When The Internet Grew Up — And Locked Out Its Kids
In December 2025, the world crossed a threshold. For the first time ever, access to the major social media platforms was no longer guaranteed by interest, connection, or curiosity — but by a birth date. A new law in Australia decrees that people under 16 may no longer legally hold accounts on major social-media services. What began as parental warnings and optional “age checks” has transformed into something more fundamental: a formal re-engineering of the Internet’s social contract — one increasingly premised on the assumption that young people’s participation in networked spaces is presumptively risky rather than conditionally beneficial.
Australia’s law demands that big platforms block any user under 16 from having an account, or face fines nearing A$50 million. Platforms must take “reasonable steps” — and many will rely on ID checks, biometric checks, or algorithmic age verification rather than self-declared ages, which are easily falsified. The law was officially enforced in December 10, 2025, and by that date, major platforms are expected to have purged under-16 accounts or face consequences.
It’s not just Australia. Across the Atlantic, the European Parliament has proposed sweeping changes to the digital lives of minors across the European Commission’s domain. In late November 2025, MEPs voted overwhelmingly in favor of a non-binding resolution that would make 16 the default minimum age to access social media, video-sharing platforms and even AI-powered assistants — unless parental consent is given. Access for 13–15-year-olds would still be possible but only with consent.

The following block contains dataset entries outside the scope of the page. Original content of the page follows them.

text \<open>
  Up to exchanging the roles of \<open>A\<close> and \<open>B\<close>, the hypotheses provide an apex \<open>x \<in> A\<close> and points
  \<open>y\<^sub>0, y\<^sub>1 \<in> B\<close> such that the segment \<open>x y\<^sub>0\<close> meets no third region while \<open>x y\<^sub>1\<close> does: take a
  sightline \<open>a\<^sub>0 b\<^sub>0\<close>, and look at \<open>a\<^sub>0 b\<close> if it is blocked, at \<open>b a\<^sub>0\<close> and \<open>b a\<close> otherwise.
  Sweep the segments from \<open>x\<close> to the points \<open>y(t)\<close> of \<open>y\<^sub>0 y\<^sub>1 \<subseteq> B\<close> and let
  \<open>c = (1 - s) x + s y(t)\<close> be the first point of a third region \<open>C\<close>, for the lexicographically least
  parameter \<open>(t, s)\<close>. By convexity \<open>x c\<close> is a sightline between \<open>A\<close> and \<open>C\<close>. For \<open>t'\<close> slightly
  below \<open>t\<close>, the segment \<open>c y(t')\<close> sweeps only earlier segments, so it meets no third region
  besides \<open>C\<close>, and by compactness it still avoids \<open>A\<close>; so it is a sightline between \<open>C\<close> and \<open>B\<close>.
\<close>

lemma closed_segment_line_image:
  fixes x z :: "'a::real_vector"
  assumes "a \<le> b"
  shows "closed_segment ((1 - a) *\<^sub>R x + a *\<^sub>R z) ((1 - b) *\<^sub>R x + b *\<^sub>R z)
           = (\<lambda>\<sigma>. (1 - \<sigma>) *\<^sub>R x + \<sigma> *\<^sub>R z) ` {a..b}"
proof -
  have line: "(1 - \<sigma>) *\<^sub>R x + \<sigma> *\<^sub>R z = x + \<sigma> *\<^sub>R (z - x)" for \<sigma> :: real
    by (simp add: algebra_simps)
  have "closed_segment (x + a *\<^sub>R (z - x)) (x + b *\<^sub>R (z - x))
          = (\<lambda>\<sigma>. x + \<sigma> *\<^sub>R (z - x)) ` closed_segment a b"
    using closed_segment_linear_image[of "\<lambda>\<sigma>. \<sigma> *\<^sub>R (z - x)" a b]
    by (simp add: closed_segment_translation image_comp o_def)
  then show ?thesis
    using assms by (simp add: line closed_segment_eq_real_ivl)
qed

lemma compact_attains_lex_min:
  fixes P :: "(real \<times> real) set"
  assumes "compact P" "P \<noteq> {}"
  obtains t0 s0 where "(t0, s0) \<in> P" "\<And>t s. (t, s) \<in> P \<Longrightarrow> t0 < t \<or> (t0 = t \<and> s0 \<le> s)"
proof -
  have "compact (fst ` P)"
    using assms(1) by (intro compact_continuous_image continuous_intros)
  then obtain t0 where t0: "t0 \<in> fst ` P" "\<And>t. t \<in> fst ` P \<Longrightarrow> t0 \<le> t"
    using compact_attains_inf[of "fst ` P"] assms(2) by blast
  let ?Q = "snd ` (P \<inter> fst -` {t0})"
  have "compact ?Q"
    using assms(1) by (intro compact_continuous_image continuous_intros compact_Int_closed closed_vimage_fst) auto
  moreover have "?Q \<noteq> {}" using t0(1) by force
  ultimately obtain s0 where s0: "s0 \<in> ?Q" "\<And>s. s \<in> ?Q \<Longrightarrow> s0 \<le> s"
    using compact_attains_inf[of ?Q] by blast
  show thesis
  proof (rule that)
    show "(t0, s0) \<in> P"
      using s0(1) by auto
    fix t s assume ts: "(t, s) \<in> P"
    then have "t0 \<le> t"
      using t0(2) by force
    moreover have "s0 \<le> s" if "t = t0"
      using s0(2) ts that by force
    ultimately show "t0 < t \<or> (t0 = t \<and> s0 \<le> s)"
      by auto
  qed
qed

lemma eventually_closed_segment_disjoint:
  fixes a b :: "'a::euclidean_space"
  assumes "closed S" "closed_segment a b \<inter> S = {}"
  shows "\<forall>\<^sub>F b' in nhds b. closed_segment a b' \<inter> S = {}"
proof -
  obtain \<delta> where "\<delta> > 0" and \<delta>: "\<And>p q. p \<in> closed_segment a b \<Longrightarrow> q \<in> S \<Longrightarrow> \<delta> \<le> dist p q"
    using separate_compact_closed[OF compact_segment assms] by blast
  have "closed_segment a b' \<inter> S = {}" if "dist b' b < \<delta>" for b'
  proof -
    have "(1 - l) *\<^sub>R a + l *\<^sub>R b' \<notin> S" if "0 \<le> l" "l \<le> 1" for l
    proof
      assume "(1 - l) *\<^sub>R a + l *\<^sub>R b' \<in> S"
      moreover have "(1 - l) *\<^sub>R a + l *\<^sub>R b \<in> closed_segment a b"
        using that by (auto simp: in_segment)
      moreover have "dist ((1 - l) *\<^sub>R a + l *\<^sub>R b) ((1 - l) *\<^sub>R a + l *\<^sub>R b') = l * dist b b'"
        using that by (simp add: dist_norm flip: scaleR_diff_right)
      moreover have "l * dist b b' \<le> dist b b'"
        using that by (simp add: mult_left_le_one_le)
      then have "l * dist b b' < \<delta>"
        using \<open>dist b' b < \<delta>\<close> by (simp add: dist_commute)
      ultimately show False using \<delta> by fastforce
    qed
    then show ?thesis by (auto simp: in_segment)
  qed
  then show ?thesis
    using \<open>\<delta> > 0\<close> eventually_nhds_metric by blast
qed
(* Let $(C^\bullet,\mathrm d)$ be a $\mathbb Z$-graded cochain complex of vector spaces and let $L:C^\bullet\to C^{\bullet+s}$ be a linear map of degree $s$ (for some integer $s$) which is a chain map up to sign, i.e. $\mathrm dL=\epsilon L\mathrm d$ for a fixed $\epsilon\in\{1,-1\}$. Then $\ker L$ is a subcomplex, and the following are equivalent: (i) for every $\alpha\in C^\bullet$, $\alpha\in\ker\mathrm d\cap\operatorname{im}L$ if and only if $\alpha\in\operatorname{im}(\mathrm dL)$; (ii) the map $H((\ker L)^\bullet,\mathrm d)\to H(C^\bullet,\mathrm d)$ induced by inclusion is an isomorphism in every degree. *)

theory Defs
  imports Complex_Main
begin

text \<open>Graded objects are modelled inside one ambient vector space \<open>'v\<close> over a field \<open>'k\<close>
  (scalar multiplication \<open>scale\<close>): the degree-\<open>n\<close> component \<open>C n\<close> is a linear subspace,
  and degree-wise maps are families \<open>f n :: 'v \<Rightarrow> 'v\<close>, relevant only on \<open>C n\<close>.\<close>

definition linear_on :: "('k \<Rightarrow> 'v \<Rightarrow> 'v) \<Rightarrow> 'v set \<Rightarrow> 'v set \<Rightarrow> ('v \<Rightarrow> 'v::ab_group_add) \<Rightarrow> bool" where
  "linear_on scale V W f \<longleftrightarrow> f ` V \<subseteq> W \<and>
     (\<forall>x\<in>V. \<forall>y\<in>V. f (x + y) = f x + f y) \<and>
     (\<forall>c. \<forall>x\<in>V. f (scale c x) = scale c (f x))"

definition cochain_complex :: "('k::field \<Rightarrow> 'v \<Rightarrow> 'v) \<Rightarrow> (int \<Rightarrow> 'v set) \<Rightarrow> (int \<Rightarrow> 'v \<Rightarrow> 'v::ab_group_add) \<Rightarrow> bool" where
  "cochain_complex scale C d \<longleftrightarrow> vector_space scale \<and>
     (\<forall>n. module.subspace scale (C n)) \<and>
     (\<forall>n. linear_on scale (C n) (C (n + 1)) (d n)) \<and>
     (\<forall>n. \<forall>x\<in>C n. d (n + 1) (d n x) = 0)"

definition subcomplex :: "('k::field \<Rightarrow> 'v \<Rightarrow> 'v) \<Rightarrow> (int \<Rightarrow> 'v set) \<Rightarrow> (int \<Rightarrow> 'v set) \<Rightarrow> (int \<Rightarrow> 'v \<Rightarrow> 'v::ab_group_add) \<Rightarrow> bool" where
  "subcomplex scale K C d \<longleftrightarrow>
     (\<forall>n. module.subspace scale (K n) \<and> K n \<subseteq> C n) \<and>
     (\<forall>n. \<forall>x\<in>K n. d n x \<in> K (n + 1))"

definition cocycles :: "(int \<Rightarrow> 'v set) \<Rightarrow> (int \<Rightarrow> 'v \<Rightarrow> 'v::zero) \<Rightarrow> int \<Rightarrow> 'v set" where
  "cocycles C d n = {x \<in> C n. d n x = 0}"

definition coboundaries :: "(int \<Rightarrow> 'v set) \<Rightarrow> (int \<Rightarrow> 'v \<Rightarrow> 'v) \<Rightarrow> int \<Rightarrow> 'v set" where
  "coboundaries C d n = d (n - 1) ` C (n - 1)"

definition coset :: "'v set \<Rightarrow> 'v::plus \<Rightarrow> 'v set" where
  "coset B z = (\<lambda>b. z + b) ` B"

definition cohomology :: "(int \<Rightarrow> 'v set) \<Rightarrow> (int \<Rightarrow> 'v \<Rightarrow> 'v::ab_group_add) \<Rightarrow> int \<Rightarrow> 'v set set" where
  "cohomology C d n = coset (coboundaries C d n) ` cocycles C d n"

text \<open>Map on cohomology induced by the inclusion of a subcomplex \<open>K\<close> into \<open>C\<close>:
  the class \<open>[z]_K\<close> is sent to \<open>[z]_C\<close> (independent of the representative).\<close>
definition incl_cohom_map :: "(int \<Rightarrow> 'v set) \<Rightarrow> (int \<Rightarrow> 'v \<Rightarrow> 'v::ab_group_add) \<Rightarrow> int \<Rightarrow> 'v set \<Rightarrow> 'v set" where
  "incl_cohom_map C d n X = coset (coboundaries C d n) (SOME z. z \<in> X)"

end

theory Submission
  imports Defs
begin

text \<open>Because \<open>d L = \<epsilon> L d\<close> with \<open>\<epsilon>\<^sup>2 = 1\<close>, the image of \<open>d L\<close> is \<open>L (im d)\<close>, and
  condition (i) says exactly that \<open>ker (d L) = ker L + im d\<close>. For any subcomplex \<open>K\<close>, the
  map \<open>H(K) \<rightarrow> H(C)\<close> is injective iff K-cocycles that are C-coboundaries are K-coboundaries,
  and surjective iff every C-cocycle is cohomologous to a K-cocycle. For \<open>K = ker L\<close> both
  properties reduce to correcting an element of \<open>ker (d L)\<close> by a coboundary into \<open>ker L\<close>:
  injectivity in degree \<open>n + 1\<close> and surjectivity in degree \<open>n\<close> together give the splitting
  in degree \<open>n\<close>, and conversely.\<close>

context module
begin
(* Let $G=(V,E)$ be a simple undirected graph with node features $x_v\in\mathbb{R}$, $v\in V$, and consider the message passing neural network defined by $h_v^{(0)}=x_v$ and, for $\ell\ge 0$, $$h_v^{(\ell+1)}=\phi_\ell\Big(h_v^{(\ell)},\ \sum_{u\in V}\hat a_{vu}\,\psi_\ell\big(h_v^{(\ell)},h_u^{(\ell)}\big)\Big),$$ where $\phi_\ell,\psi_\ell:\mathbb{R}^2\to\mathbb{R}$ are differentiable. Let $i,s\in V$ with $s\in S_{r+1}(i)$ for some integer $r\ge 0$. If $|\nabla\phi_\ell|\le\alpha$ and $|\nabla\psi_\ell|\le\beta$ (i.e. all partial derivatives are bounded in absolute value by $\alpha$, resp. $\beta$) for all $0\le\ell\le r$, then $$\left|\frac{\partial h_i^{(r+1)}}{\partial x_s}\right|\le(\alpha\beta)^{r+1}\big(\hat A^{r+1}\big)_{is}.$$
   Context: $A$ is the adjacency matrix of $G$, $D$ the diagonal degree matrix, and $\hat A=(\hat a_{uv})=(D+I)^{-1/2}(A+I)(D+I)^{-1/2}$ is the normalized augmented adjacency matrix. $d_G$ is the shortest-path distance and $S_r(i)=\{v\in V: d_G(i,v)=r\}$. *)

theory Defs
  imports "HOL-Analysis.Analysis"
begin

text \<open>Simple undirected graph on a finite vertex type 'v, given by an edge relation E
  (assumed symmetric and irreflexive in the theorem).\<close>

definition degree :: "('v::finite \<Rightarrow> 'v \<Rightarrow> bool) \<Rightarrow> 'v \<Rightarrow> nat" where
  "degree E v = card {u. E v u}"

text \<open>Normalized augmented adjacency matrix (D+I)^(-1/2) (A+I) (D+I)^(-1/2).\<close>
definition adj_hat :: "('v::finite \<Rightarrow> 'v \<Rightarrow> bool) \<Rightarrow> real^'v^'v" where
  "adj_hat E = (\<chi> u v. ((if E u v then 1 else 0) + (if u = v then 1 else 0))
       / (sqrt (real (degree E u) + 1) * sqrt (real (degree E v) + 1)))"

definition matpow :: "real^'n^'n \<Rightarrow> nat \<Rightarrow> real^'n^'n" where
  "matpow M n = (((**) M) ^^ n) (mat 1)"

fun walk :: "('v \<Rightarrow> 'v \<Rightarrow> bool) \<Rightarrow> nat \<Rightarrow> 'v \<Rightarrow> 'v \<Rightarrow> bool" where
  "walk E 0 u v = (u = v)"
| "walk E (Suc n) u v = (\<exists>w. E u w \<and> walk E n w v)"

definition sphere_G :: "('v \<Rightarrow> 'v \<Rightarrow> bool) \<Rightarrow> nat \<Rightarrow> 'v \<Rightarrow> 'v set" where
  "sphere_G E r i = {v. (\<exists>n. walk E n i v) \<and> (LEAST n. walk E n i v) = r}"

fun mpnn :: "(nat \<Rightarrow> real \<Rightarrow> real \<Rightarrow> real) \<Rightarrow> (nat \<Rightarrow> real \<Rightarrow> real \<Rightarrow> real)
    \<Rightarrow> real^'v^'v \<Rightarrow> nat \<Rightarrow> ('v::finite \<Rightarrow> real) \<Rightarrow> 'v \<Rightarrow> real" where
  "mpnn phi psi M 0 x v = x v"
| "mpnn phi psi M (Suc l) x v =
     phi l (mpnn phi psi M l x v)
       (\<Sum>u\<in>UNIV. M $ v $ u * psi l (mpnn phi psi M l x v) (mpnn phi psi M l x u))"

end

theory Submission
  imports Defs
begin

(* Perturbing x_s can change h_v^(l) only if some walk of length at most l joins v to s, since
   ahat_vu vanishes unless u = v or u is adjacent to v.  By the chain rule d h_v^(l+1) / d x_s
   combines d h_v^(l) / d x_s with the terms ahat_vu * d h_u^(l) / d x_s.  When v is at distance
   greater than l from s the former vanish, so only the second partial derivatives of phi and psi
   enter, and induction on l bounds the rest by (alpha beta)^l (Ahat^l)_vs, using ahat_vu >= 0. *)

lemma matpow_Suc: "matpow M (Suc n) = M ** matpow M n"
  by (simp add: matpow_def)

lemma adj_hat_nonneg: "0 \<le> adj_hat E $ u $ v"
  by (simp add: adj_hat_def)

lemma adj_hat_nonzero_imp_adjacent_or_eq: "adj_hat E $ u $ v \<noteq> 0 \<Longrightarrow> E u v \<or> v = u"
  by (auto simp: adj_hat_def split: if_splits)

lemma sphere_G_imp_not_walk:
  "v \<in> sphere_G E r i \<Longrightarrow> n < r \<Longrightarrow> \<not> walk E n i v"
  unfolding sphere_G_def by (auto dest: not_less_Least)

lemma has_derivative_imp_partial_derivs:
  fixes f :: "real \<Rightarrow> real \<Rightarrow> real"
  assumes P: "((\<lambda>(a, b). f a b) has_derivative P) (at (a, b))"
  shows "((\<lambda>a'. f a' b) has_real_derivative P (1, 0)) (at a)"
    and "((\<lambda>b'. f a b') has_real_derivative P (0, 1)) (at b)"
proof -
  have lin: "linear P" using P by (rule has_derivative_linear)
  have "((\<lambda>a'. (a', b)) has_derivative (\<lambda>h. (h, 0))) (at a)"
    by (auto intro!: derivative_eq_intros)
  from has_derivative_compose[OF this P]
  have "((\<lambda>a'. f a' b) has_derivative (\<lambda>h. P (h, 0))) (at a)" by simp
  moreover have "(\<lambda>h. P (h, 0)) = (*) (P (1, 0))"
  proof
    show "P (h, 0) = P (1, 0) * h" for h
      using linear_scale[OF lin, of h "(1, 0)"] by simp
  qed
  ultimately show "((\<lambda>a'. f a' b) has_real_derivative P (1, 0)) (at a)"
    unfolding has_field_derivative_def by simp
  have "((\<lambda>b'. (a, b')) has_derivative (\<lambda>h. (0, h))) (at b)"
    by (auto intro!: derivative_eq_intros)
  from has_derivative_compose[OF this P]
  have "((\<lambda>b'. f a b') has_derivative (\<lambda>h. P (0, h))) (at b)" by simp
  moreover have "(\<lambda>h. P (0, h)) = (*) (P (0, 1))"
  proof
    show "P (0, h) = P (0, 1) * h" for h
      using linear_scale[OF lin, of h "(0, 1)"] by simp
  qed
  ultimately show "((\<lambda>b'. f a b') has_real_derivative P (0, 1)) (at b)"
    unfolding has_field_derivative_def by simp
qed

The push is part of a broader EU effort. The Commission is working on a harmonised “age-verification blueprint app,” designed to let users prove they are old enough without revealing more personal data than necessary. The tool might become part of a future EU-wide “digital identity wallet.” Its aim: prevent minors from wandering into corners of the web designed without their safety in mind.
Several EU member states are already acting. Countries such as Denmark propose banning social media for under-15s unless parental consent is granted; others — including France, Spain and Greece — support an EU-wide “digital majority” threshold to shield minors from harmful content, addiction and privacy violations.
The harm narrative – and its limits
The effectiveness of these measures remains uncertain, and the underlying evidence is more mixed than public debate often suggests. Much of the current regulatory momentum reflects heightened concern about potential harms, informed by studies and reports indicating that some young people experience negative effects in some digital contexts — including anxiety, sleep disruption, cyberbullying, distorted self-image, and attention difficulties. These findings are important, but they do not point to uniform or inevitable outcomes. Across the research, effects vary widely by individual, platform, feature, intensity of use, and social context, with many young people reporting neutral or even positive experiences. The strongest evidence, taken as a whole, does not support the claim that social media is inherently harmful to children; rather, it points to clustered risks associated with specific combinations of vulnerability, design, and use.
European lawmakers point to studies indicating that one in four minors displays “problematic” or “dysfunctional” smartphone use. But framing these findings as proof of universal addiction risks collapsing a complex behavioral spectrum into a single moral diagnosis — one that may obscure more than it clarifies.
From the outside, the rationale feels compelling: we would never leave 13-year-olds unattended in a bar or a casino, so why leave them alone in an attention economy designed to capture and exploit their vulnerabilities? Yet this comparison quietly imports an assumption — that social media is analogous to inherently harmful adult-only environments — rather than to infrastructure whose effects depend heavily on design, governance, norms, and support.
What gets lost when we generalize harm
When harm is treated as universal, the response almost inevitably becomes universal exclusion. Nuance collapses. Differences between children — in temperament, resilience, social context, family support, identity, and need — are flattened into a single risk profile.
The Internet, however, was never meant to serve a single type of user. Its power came from universality — from its ability to give voice to the otherwise voiceless: shy kids, marginalized youth, LGBTQ+ children, rural teenagers, creative outsiders, identity seekers, those who feel alone. For many young people, social media platforms are not simply entertainment. They are places of learning, authorship, peer support, political awakening, and cultural participation. They are where teens practice argument, humor, creativity, solidarity, dissent — often more freely than in offline institutions that are tightly supervised, hierarchical, or unwelcoming.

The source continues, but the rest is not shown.